Congedo del padre per il 2020: attenzione alla data di nascita

La L. 160/2019 ha previsto la proroga della misura, ma la mancanza di una norma strutturale e l'ennesimo cambiamento di durata richiedono (ancora una volta) particolari cautele.

La L. 160/2019 (legge di Bilancio 2020) ha previsto la proroga per il 2020 del congedo obbligatorio del padre lavoratore dipendente, aumentandone la durata a 7 giorni, fruibili anche in maniera non continuativa, entro i 5 mesi dalla nascita (o dall'ingresso in famiglia/Italia in caso di adozioni o affidamenti nazionali/internazionali): rispetto a questo, si noti che tale termine resta inalterato anche in caso di parto prematuro e che il numero di giorni non varia neppure nel caso di parto plurimo.

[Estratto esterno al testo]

lemma cone_comparable_exists:
  fixes C :: "'a::real_normed_vector set"
  assumes C: "convex_cone C" and x: "x \<in> interior C" and y: "y \<in> interior C"
  obtains \<beta> where "1 \<le> \<beta>" "cone_comparable C \<beta> x y"
proof -
  have xC: "x \<in> C" and yC: "y \<in> C"
    using x y interior_subset by auto
  obtain c where c: "c > 0" "cone_le C (c *\<^sub>R x) y"
    using interior_cone_dominates[OF y] by blast
  obtain c' where c': "c' > 0" "cone_le C (c' *\<^sub>R y) x"
    using interior_cone_dominates[OF x] by blast
  define \<beta> where "\<beta> = max 1 (max (inverse c) (inverse c'))"
  have "cone_le C x (inverse c *\<^sub>R y)"
    using cone_le_inverse_scaleR_iff[OF C, of "inverse c"] c by simp
  then have "cone_le C x (\<beta> *\<^sub>R y)"
    using cone_le_trans[OF C _ cone_le_scaleR_left[OF C yC]] by (simp add: \<beta>_def)
  moreover have "cone_le C y (inverse c' *\<^sub>R x)"
    using cone_le_inverse_scaleR_iff[OF C, of "inverse c'"] c' by simp
  then have "cone_le C y (\<beta> *\<^sub>R x)"
    using cone_le_trans[OF C _ cone_le_scaleR_left[OF C xC]] by (simp add: \<beta>_def)
  ultimately show ?thesis
    using that[of \<beta>] by (simp add: \<beta>_def cone_comparable_def)
qed

lemma thompson_le_ln:
  assumes "convex_cone C" "1 \<le> \<beta>" "cone_comparable C \<beta> x y"
  shows "thompson C x y \<le> ln \<beta>"
proof -
  let ?S = "{\<beta>. 1 \<le> \<beta> \<and> cone_comparable C \<beta> x y}"
  have "\<beta> \<in> ?S"
    using assms by simp
  moreover have "bdd_below ?S"
    by (rule bdd_belowI[of _ 1]) auto
  ultimately have "1 \<le> Inf ?S" "Inf ?S \<le> \<beta>"
    by (auto intro: cInf_greatest cInf_lower)
  then show ?thesis
    by (simp add: thompson_eq_Inf_cone_comparable[OF assms(1)])
qed

lemma
  fixes C :: "'a::real_normed_vector set"
  assumes C: "convex_cone C" and x: "x \<in> interior C" and y: "y \<in> interior C"
  shows thompson_nonneg: "0 \<le> thompson C x y"
    and cone_comparable_exp_thompson: "closed C \<Longrightarrow> cone_comparable C (exp (thompson C x y)) x y"
proof -
  let ?S = "{\<beta>. 1 \<le> \<beta> \<and> cone_comparable C \<beta> x y}"
  have ne: "?S \<noteq> {}"
    using cone_comparable_exists[OF C x y] by blast
  have Inf_ge: "1 \<le> Inf ?S"
    using ne by (auto intro: cInf_greatest)
  then show "0 \<le> thompson C x y"
    by (simp add: thompson_eq_Inf_cone_comparable[OF C])
  assume "closed C"
  then have "closed ?S"
    unfolding cone_comparable_def cone_le_def
    by (intro closed_Collect_conj closed_Collect_le continuous_closed_vimage[of C, unfolded vimage_def])
      (auto intro!: continuous_intros)
  then have "Inf ?S \<in> ?S"
    using ne by (intro closed_contains_Inf) (auto intro: bdd_belowI[of _ 1])
  with Inf_ge show "cone_comparable C (exp (thompson C x y)) x y"
    by (simp add: thompson_eq_Inf_cone_comparable[OF C])
qed

lemma cone_comparable_of_thompson_le:
  fixes C :: "'a::real_normed_vector set"
  assumes "convex_cone C" "closed C" "x \<in> interior C" "y \<in> interior C" "thompson C x y \<le> L"
  shows "cone_comparable C (exp L) x y"
  using cone_comparable_mono[OF assms(1) _ _ cone_comparable_exp_thompson[OF assms(1,3,4,2)]]
    assms(3-5) interior_subset by auto

lemma cone_comparable_near:
  fixes x :: "'a::real_normed_vector"
  assumes C: "convex_cone C" and r: "ball x r \<subseteq> C" and \<rho>: "0 < \<rho>" "\<rho> < 1"
    and y: "dist y x < r * \<rho>"
  shows "cone_comparable C (inverse (1 - \<rho>)) x y"
proof -
  define h where "h = (1 / \<rho>) *\<^sub>R (y - x)"
  have "norm h < r"
    using y \<rho> by (simp add: h_def dist_norm divide_less_eq mult.commute)
  then have xh: "x + h \<in> C" "x - h \<in> C"
    using r by (auto simp: dist_norm subset_iff)
  have xC: "x \<in> C"
    using r \<open>norm h < r\<close> by (meson centre_in_ball norm_ge_zero order_le_less_trans subsetD)
  have "\<rho> *\<^sub>R (x + h) = y - (1 - \<rho>) *\<^sub>R x" "\<rho> *\<^sub>R (x - h) = (1 + \<rho>) *\<^sub>R x - y"
    using \<rho> by (simp_all add: h_def algebra_simps)
  then have lower: "cone_le C ((1 - \<rho>) *\<^sub>R x) y" and upper: "cone_le C y ((1 + \<rho>) *\<^sub>R x)"
    using convex_cone_scaleR[OF C, of \<rho>] xh \<rho> unfolding cone_le_def by (metis less_imp_le)+
  have "cone_le C x (inverse (1 - \<rho>) *\<^sub>R y)"
    using lower cone_le_inverse_scaleR_iff[OF C, of "inverse (1 - \<rho>)"] \<rho> by simp
  moreover have "1 + \<rho> \<le> inverse (1 - \<rho>)"
    using \<rho> mult_left_le_one_le[of "1 - \<rho>" "1 + \<rho>"]
    by (simp add: field_simps power2_eq_square)
  then have "cone_le C y (inverse (1 - \<rho>) *\<^sub>R x)"
    using cone_le_trans[OF C upper cone_le_scaleR_left[OF C xC]] by blast
  ultimately show ?thesis
    by (simp add: cone_comparable_def)
qed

Oltre a ciò, è stata confermata la possibilità di fruire, entro i medesimi termini di cui sopra, di un ulteriore giorno di congedo facoltativo: al contrario di quello obbligatorio, che rappresenta un diritto autonomo, riconosciuto a prescindere dalla circostanza che la madre abbia o meno diritto al congedo di maternità e indipendentemente dal fatto che il padre abbia fruito di quello di paternità, il padre lavoratore potrà fruire del facoltativo soltanto previo accordo con la madre e in sua sostituzione, per un pari periodo da decurtare dal periodo di astensione obbligatoria a lei spettante. Per le giornate di congedo (obbligatorio e facoltativo) del padre sono previste sia l'erogazione di un'indennità pari al 100% della retribuzione media giornaliera del lavoratore, calcolata con le medesime regole di determinazione dell'indennità di maternità, sia il riconoscimento di contribuzione figurativa ai fini...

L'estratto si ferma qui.